Dataset entries:
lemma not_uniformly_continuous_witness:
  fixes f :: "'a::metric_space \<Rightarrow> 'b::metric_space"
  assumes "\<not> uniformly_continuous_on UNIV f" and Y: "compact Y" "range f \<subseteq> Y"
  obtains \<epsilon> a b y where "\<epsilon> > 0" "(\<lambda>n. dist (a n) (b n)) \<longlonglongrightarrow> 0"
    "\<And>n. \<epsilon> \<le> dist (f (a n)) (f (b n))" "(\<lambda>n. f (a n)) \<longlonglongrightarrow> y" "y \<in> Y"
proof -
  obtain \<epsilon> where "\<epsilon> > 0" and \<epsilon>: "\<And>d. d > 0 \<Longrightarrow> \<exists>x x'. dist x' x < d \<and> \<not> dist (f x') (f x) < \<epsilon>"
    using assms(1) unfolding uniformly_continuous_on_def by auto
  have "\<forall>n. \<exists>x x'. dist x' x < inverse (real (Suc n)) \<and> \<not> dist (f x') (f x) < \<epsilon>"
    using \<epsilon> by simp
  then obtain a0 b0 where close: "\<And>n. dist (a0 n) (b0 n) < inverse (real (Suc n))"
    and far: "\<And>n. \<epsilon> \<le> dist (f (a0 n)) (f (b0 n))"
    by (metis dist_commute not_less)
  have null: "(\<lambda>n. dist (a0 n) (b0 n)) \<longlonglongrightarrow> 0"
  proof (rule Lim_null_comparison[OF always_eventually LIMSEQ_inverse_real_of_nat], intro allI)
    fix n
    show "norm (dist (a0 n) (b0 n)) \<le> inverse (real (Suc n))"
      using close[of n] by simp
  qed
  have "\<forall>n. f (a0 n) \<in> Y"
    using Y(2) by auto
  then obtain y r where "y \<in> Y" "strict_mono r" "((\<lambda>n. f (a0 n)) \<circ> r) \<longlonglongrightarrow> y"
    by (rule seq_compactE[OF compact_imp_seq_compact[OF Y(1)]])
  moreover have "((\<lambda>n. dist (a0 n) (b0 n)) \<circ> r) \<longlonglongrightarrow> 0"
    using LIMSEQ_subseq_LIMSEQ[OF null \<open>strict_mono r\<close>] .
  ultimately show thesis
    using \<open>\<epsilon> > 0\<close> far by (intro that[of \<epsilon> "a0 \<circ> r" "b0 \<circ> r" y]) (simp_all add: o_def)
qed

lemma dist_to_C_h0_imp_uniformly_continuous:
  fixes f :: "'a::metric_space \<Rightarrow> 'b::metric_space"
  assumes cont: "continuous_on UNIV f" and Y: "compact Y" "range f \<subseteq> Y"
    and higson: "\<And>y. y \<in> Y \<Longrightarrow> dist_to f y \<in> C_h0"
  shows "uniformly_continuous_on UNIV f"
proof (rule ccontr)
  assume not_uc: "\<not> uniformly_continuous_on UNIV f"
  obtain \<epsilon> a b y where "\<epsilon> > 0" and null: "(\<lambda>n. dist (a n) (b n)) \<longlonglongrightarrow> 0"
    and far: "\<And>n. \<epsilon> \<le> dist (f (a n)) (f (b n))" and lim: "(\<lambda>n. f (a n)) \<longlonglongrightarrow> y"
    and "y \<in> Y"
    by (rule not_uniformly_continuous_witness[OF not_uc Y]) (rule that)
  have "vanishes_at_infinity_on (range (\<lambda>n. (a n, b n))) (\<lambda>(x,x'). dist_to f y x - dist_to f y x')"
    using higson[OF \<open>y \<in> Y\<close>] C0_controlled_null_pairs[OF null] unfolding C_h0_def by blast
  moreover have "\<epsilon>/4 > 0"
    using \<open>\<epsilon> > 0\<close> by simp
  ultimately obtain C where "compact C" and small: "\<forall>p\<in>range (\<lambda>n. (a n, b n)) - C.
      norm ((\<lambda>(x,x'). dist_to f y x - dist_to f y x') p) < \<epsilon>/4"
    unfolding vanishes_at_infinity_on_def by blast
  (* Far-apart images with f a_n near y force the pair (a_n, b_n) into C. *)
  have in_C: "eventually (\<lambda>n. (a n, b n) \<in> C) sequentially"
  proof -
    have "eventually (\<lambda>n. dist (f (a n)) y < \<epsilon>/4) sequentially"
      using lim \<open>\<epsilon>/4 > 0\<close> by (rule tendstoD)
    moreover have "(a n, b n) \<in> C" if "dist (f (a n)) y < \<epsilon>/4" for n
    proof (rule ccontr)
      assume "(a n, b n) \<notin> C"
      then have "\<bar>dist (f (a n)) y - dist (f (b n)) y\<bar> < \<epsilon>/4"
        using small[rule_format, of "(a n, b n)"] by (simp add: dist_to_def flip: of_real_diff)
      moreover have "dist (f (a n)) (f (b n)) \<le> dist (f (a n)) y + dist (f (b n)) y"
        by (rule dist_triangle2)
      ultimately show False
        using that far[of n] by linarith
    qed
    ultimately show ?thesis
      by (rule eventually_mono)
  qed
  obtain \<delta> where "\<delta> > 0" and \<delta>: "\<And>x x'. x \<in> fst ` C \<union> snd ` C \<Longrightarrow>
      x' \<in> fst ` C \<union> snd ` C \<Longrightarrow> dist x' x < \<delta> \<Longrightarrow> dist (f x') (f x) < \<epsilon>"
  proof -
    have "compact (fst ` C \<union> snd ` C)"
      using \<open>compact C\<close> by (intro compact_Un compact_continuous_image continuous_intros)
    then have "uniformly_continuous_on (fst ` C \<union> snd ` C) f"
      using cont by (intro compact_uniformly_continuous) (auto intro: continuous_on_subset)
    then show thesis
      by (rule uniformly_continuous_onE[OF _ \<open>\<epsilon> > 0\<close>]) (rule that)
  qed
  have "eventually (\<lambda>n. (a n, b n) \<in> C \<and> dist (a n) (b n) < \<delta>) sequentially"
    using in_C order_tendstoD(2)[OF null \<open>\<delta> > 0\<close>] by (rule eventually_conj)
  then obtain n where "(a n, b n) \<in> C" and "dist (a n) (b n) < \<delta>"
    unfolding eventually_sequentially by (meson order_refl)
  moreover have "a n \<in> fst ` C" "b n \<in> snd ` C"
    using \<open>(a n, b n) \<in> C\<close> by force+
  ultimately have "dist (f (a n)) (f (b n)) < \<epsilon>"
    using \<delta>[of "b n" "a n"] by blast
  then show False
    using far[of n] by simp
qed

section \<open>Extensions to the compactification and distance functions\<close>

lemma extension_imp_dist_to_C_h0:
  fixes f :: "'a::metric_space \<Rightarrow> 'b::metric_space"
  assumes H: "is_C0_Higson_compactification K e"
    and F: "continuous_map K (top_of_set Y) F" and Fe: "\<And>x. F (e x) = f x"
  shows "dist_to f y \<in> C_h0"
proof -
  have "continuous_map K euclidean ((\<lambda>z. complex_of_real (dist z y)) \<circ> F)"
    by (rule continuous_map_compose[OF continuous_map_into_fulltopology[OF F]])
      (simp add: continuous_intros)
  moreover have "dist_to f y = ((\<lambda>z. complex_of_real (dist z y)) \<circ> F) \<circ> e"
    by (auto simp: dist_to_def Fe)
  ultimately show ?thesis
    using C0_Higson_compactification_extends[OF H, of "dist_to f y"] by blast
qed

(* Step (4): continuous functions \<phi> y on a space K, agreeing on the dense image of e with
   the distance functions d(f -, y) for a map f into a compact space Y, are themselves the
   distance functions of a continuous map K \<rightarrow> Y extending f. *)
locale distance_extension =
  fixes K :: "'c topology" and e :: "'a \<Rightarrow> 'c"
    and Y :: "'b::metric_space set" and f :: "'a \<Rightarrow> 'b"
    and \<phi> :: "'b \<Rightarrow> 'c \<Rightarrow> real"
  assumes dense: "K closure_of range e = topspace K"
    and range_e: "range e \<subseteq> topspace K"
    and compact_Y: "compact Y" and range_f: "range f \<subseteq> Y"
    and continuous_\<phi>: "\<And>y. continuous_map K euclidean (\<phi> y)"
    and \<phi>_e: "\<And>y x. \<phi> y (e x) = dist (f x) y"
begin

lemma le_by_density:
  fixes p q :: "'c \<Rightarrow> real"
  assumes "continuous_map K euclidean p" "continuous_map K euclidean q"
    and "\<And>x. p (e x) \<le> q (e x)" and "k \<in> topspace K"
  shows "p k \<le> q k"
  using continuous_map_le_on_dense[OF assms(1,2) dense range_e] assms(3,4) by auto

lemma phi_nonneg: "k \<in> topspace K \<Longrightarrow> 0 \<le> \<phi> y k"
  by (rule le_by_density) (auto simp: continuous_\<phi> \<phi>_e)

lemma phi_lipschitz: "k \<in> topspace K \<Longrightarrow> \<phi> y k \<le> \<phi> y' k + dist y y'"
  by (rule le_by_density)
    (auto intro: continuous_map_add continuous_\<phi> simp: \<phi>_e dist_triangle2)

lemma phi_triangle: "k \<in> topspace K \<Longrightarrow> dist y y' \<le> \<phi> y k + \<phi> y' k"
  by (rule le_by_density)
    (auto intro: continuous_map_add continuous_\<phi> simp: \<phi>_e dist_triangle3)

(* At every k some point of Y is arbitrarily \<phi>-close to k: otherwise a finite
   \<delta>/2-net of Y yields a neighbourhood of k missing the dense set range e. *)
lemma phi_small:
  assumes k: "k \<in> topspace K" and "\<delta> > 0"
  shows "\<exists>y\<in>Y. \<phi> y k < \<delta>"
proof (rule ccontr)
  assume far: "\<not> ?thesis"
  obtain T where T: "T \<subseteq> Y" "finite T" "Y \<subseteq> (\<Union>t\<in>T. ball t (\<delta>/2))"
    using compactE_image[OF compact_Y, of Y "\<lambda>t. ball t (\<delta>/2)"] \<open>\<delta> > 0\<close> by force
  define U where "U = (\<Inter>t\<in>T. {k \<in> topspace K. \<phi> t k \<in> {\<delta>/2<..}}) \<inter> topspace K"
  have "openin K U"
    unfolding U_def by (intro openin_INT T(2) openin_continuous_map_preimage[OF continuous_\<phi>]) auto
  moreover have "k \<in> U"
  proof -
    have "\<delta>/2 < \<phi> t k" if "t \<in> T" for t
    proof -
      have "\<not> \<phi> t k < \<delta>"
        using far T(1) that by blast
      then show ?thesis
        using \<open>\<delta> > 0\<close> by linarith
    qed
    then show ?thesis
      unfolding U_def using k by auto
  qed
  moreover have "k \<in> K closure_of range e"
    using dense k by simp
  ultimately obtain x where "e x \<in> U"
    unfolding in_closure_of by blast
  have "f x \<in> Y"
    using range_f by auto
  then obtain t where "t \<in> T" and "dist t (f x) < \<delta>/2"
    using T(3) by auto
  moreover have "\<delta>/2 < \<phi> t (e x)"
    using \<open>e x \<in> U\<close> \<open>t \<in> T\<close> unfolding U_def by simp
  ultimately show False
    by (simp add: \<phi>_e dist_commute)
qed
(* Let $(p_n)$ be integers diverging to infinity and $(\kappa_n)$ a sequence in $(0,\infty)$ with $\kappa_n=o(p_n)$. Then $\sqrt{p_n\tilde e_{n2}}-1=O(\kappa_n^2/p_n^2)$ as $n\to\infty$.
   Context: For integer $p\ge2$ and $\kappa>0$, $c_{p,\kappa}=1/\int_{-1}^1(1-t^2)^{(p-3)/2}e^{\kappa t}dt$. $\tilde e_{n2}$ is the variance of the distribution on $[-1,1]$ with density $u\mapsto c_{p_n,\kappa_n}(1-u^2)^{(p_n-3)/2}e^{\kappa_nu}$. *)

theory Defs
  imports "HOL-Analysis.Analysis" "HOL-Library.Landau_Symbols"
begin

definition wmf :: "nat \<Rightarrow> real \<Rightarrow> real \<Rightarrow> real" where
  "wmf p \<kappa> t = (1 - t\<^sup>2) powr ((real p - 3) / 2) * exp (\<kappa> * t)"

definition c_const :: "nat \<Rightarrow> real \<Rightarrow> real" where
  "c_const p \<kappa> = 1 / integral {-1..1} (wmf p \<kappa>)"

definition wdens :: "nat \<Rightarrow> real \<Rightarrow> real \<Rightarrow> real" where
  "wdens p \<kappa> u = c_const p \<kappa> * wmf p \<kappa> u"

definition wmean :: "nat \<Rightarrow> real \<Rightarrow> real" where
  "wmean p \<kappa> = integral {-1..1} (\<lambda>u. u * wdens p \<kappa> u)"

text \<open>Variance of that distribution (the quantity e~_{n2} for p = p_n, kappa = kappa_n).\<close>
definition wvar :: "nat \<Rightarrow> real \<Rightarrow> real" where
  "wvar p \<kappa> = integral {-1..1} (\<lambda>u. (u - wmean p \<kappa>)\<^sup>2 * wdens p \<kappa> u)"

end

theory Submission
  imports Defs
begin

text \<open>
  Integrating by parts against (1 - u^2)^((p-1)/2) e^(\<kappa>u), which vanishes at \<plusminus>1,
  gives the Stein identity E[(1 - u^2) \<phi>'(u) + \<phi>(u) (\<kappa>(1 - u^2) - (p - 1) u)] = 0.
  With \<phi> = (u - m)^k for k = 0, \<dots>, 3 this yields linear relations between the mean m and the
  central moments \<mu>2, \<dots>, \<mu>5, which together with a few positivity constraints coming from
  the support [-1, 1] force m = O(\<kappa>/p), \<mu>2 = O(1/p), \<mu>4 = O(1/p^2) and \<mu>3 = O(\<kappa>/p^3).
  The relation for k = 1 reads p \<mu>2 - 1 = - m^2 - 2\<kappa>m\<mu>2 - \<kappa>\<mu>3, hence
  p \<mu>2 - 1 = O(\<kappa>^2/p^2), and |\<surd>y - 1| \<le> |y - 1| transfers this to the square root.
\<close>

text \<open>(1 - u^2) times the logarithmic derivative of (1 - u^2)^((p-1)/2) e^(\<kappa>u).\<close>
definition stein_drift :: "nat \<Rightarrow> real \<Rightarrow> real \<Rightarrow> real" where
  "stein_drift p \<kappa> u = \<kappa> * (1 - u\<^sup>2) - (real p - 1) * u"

● **PROMPT**: What lines above mention "wvar"? Copy each one.

● **WRITTEN SOLUTION**:
definition wvar :: "nat \<Rightarrow> real \<Rightarrow> real" where
  "wvar p \<kappa> = integral {-1..1} (\<lambda>u. (u - wmean p \<kappa>)\<^sup>2 * wdens p \<kappa> u)"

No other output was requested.